Наши попытки изучать других людей могут быть точно так же культурно обусловлены, как и моя попытка убедить пираха идти рядом со мной в городе. Культура влияет не только на ученого-наблюдателя, но и на наблюдаемый объект. Чтобы понимать теории, посвященные человеческим языкам, нам необходимо учитывать влияние культуры на построение теории, а также роль культуры в формировании объекта исследования.
Это проблемный вопрос. В одной известной книге — работе Стивена Линкера «Язык как инстинкт» (The language instinct) — почти не уделяется внимания тому, как культура формирует человеческую грамматику. Линкер допускает, что культура в значительной мере ответственна за то, о чем мы говорим (так, американцы определенного возраста могут сравнивать Марлона Брандо и Элвиса Пресли по параметрам относительной физической привлекательности и «звездности» или, например, обсуждать влияние поисковой системы «Гугл» на научные работы в современном американском обществе; с другой стороны, пираха, скорее, будут обсуждать встречи с духами леса или лучшие способы ловли окуня). Кроме того, культура определяет словарь. В Шотландии можно обнаружить слово haggis ‘хаггис’. Это национальное блюдо, как правило, состоит из овечьих потрохов (сердце, печень и легкие), прокрученных через мясорубку с луком, овсяной кашей, специями, нутряным салом, в которые затем добавляется бульон; затем все это помещается в овечий желудок и варится примерно три часа. Я очень люблю хаггис, но, разумеется, это еда не для всех, и, кроме того, это блюдо является традиционным только в Шотландии. Не стоит удивляться тому, что у шотландцев есть отдельное слово для обозначения этой традиционной части культуры.

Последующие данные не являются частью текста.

lemma prob_all_some_graph_avoids:
  assumes I: "finite I"
    and F: "\<And>i. i \<in> I \<Longrightarrow> F i \<subseteq> node_pairs" "\<And>i. i \<in> I \<Longrightarrow> card (F i) \<le> m"
    and q: "0 \<le> q" "q \<le> 1"
    and edge_le: "\<And>r i e. r \<in> {1..R} \<Longrightarrow> i \<in> I \<Longrightarrow> e \<in> F i \<Longrightarrow> prob (edge_event r e) \<le> q"
  shows "(1 - (1 - (1 - q) ^ m) ^ R) ^ card I
    \<le> prob {\<omega>\<in>space M. \<forall>i\<in>I. \<exists>r\<in>{1..R}. Er r \<omega> \<inter> F i = {}}"
proof -
  let ?X = "{1..R} \<times> node_pairs" and ?b = "1 - (1 - (1 - q) ^ m) ^ R"
  define A where "A i = {S. \<exists>r\<in>{1..R}. \<forall>e\<in>F i. (r, e) \<notin> S}" for i
  have A_events: "{\<omega>\<in>space M. present_edges \<omega> \<in> A i}
      = {\<omega>\<in>space M. \<exists>r\<in>{1..R}. Er r \<omega> \<inter> F i = {}}" if "i \<in> I" for i
    using F(1)[OF that] by (auto simp: A_def present_edges_def)
  have "0 \<le> ?b"
    using q by (simp add: power_le_one)
  moreover have "?b \<le> prob {\<omega>\<in>space M. present_edges \<omega> \<in> A i}" if "i \<in> I" for i
    unfolding A_events[OF that]
    using F[OF that] q edge_le[OF _ that] by (rule prob_some_graph_avoids)
  ultimately have "?b ^ card I \<le> (\<Prod>i\<in>I. prob {\<omega>\<in>space M. present_edges \<omega> \<in> A i})"
    using prod_mono[of I "\<lambda>_. ?b"] by simp
  also have "\<dots> = (\<Prod>i\<in>I. bernoulli_prob ?X edge_prob (A i))"
    by (simp add: prob_present_edges_in)
  also have "\<dots> \<le> bernoulli_prob ?X edge_prob (\<Inter>i\<in>I. A i)"
    using I finite_node_pairs
    by (intro harris_inequality_prod) (auto simp: edge_prob_def down_closed_def A_def)
  also have "\<dots> = prob {\<omega>\<in>space M. present_edges \<omega> \<in> (\<Inter>i\<in>I. A i)}"
    by (rule prob_present_edges_in[symmetric])
  also have "{\<omega>\<in>space M. present_edges \<omega> \<in> (\<Inter>i\<in>I. A i)}
      = {\<omega>\<in>space M. \<forall>i\<in>I. \<exists>r\<in>{1..R}. Er r \<omega> \<inter> F i = {}}"
    using A_events by blast
  finally show ?thesis .
qed

end

definition other_label_pairs :: "(nat \<Rightarrow> nat) \<Rightarrow> nat \<Rightarrow> nat \<Rightarrow> (nat \<times> nat) set" where
  "other_label_pairs y N i = (\<lambda>j. (min i j, max i j)) ` {j\<in>{1..N}. y j \<noteq> y i}"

Еще один пример — бразильское слово jeito (произносится как «же́йту»), которое буквально переводится как «лежать» или «покоиться» и обозначает бразильское понятие об особом умении или навыке решать проблемы, который, по мнению самих бразильцев, очень для них характерен[82]. От них часто можно услышать, к примеру: Nós brasileiros somos muito jeitosos ‘У нас, бразильцев, очень хорошо получается «жейту»’. Искусное умение решать проблемы и любовь к разговорам о них — культурная ценность бразильцев. Представители бразильской культуры, в которой разговоры об этом имеют такое значение, выражают это понятие фактически одним словом. Следовательно, перед нами еще один случай тесного взаимодействия культуры и языка.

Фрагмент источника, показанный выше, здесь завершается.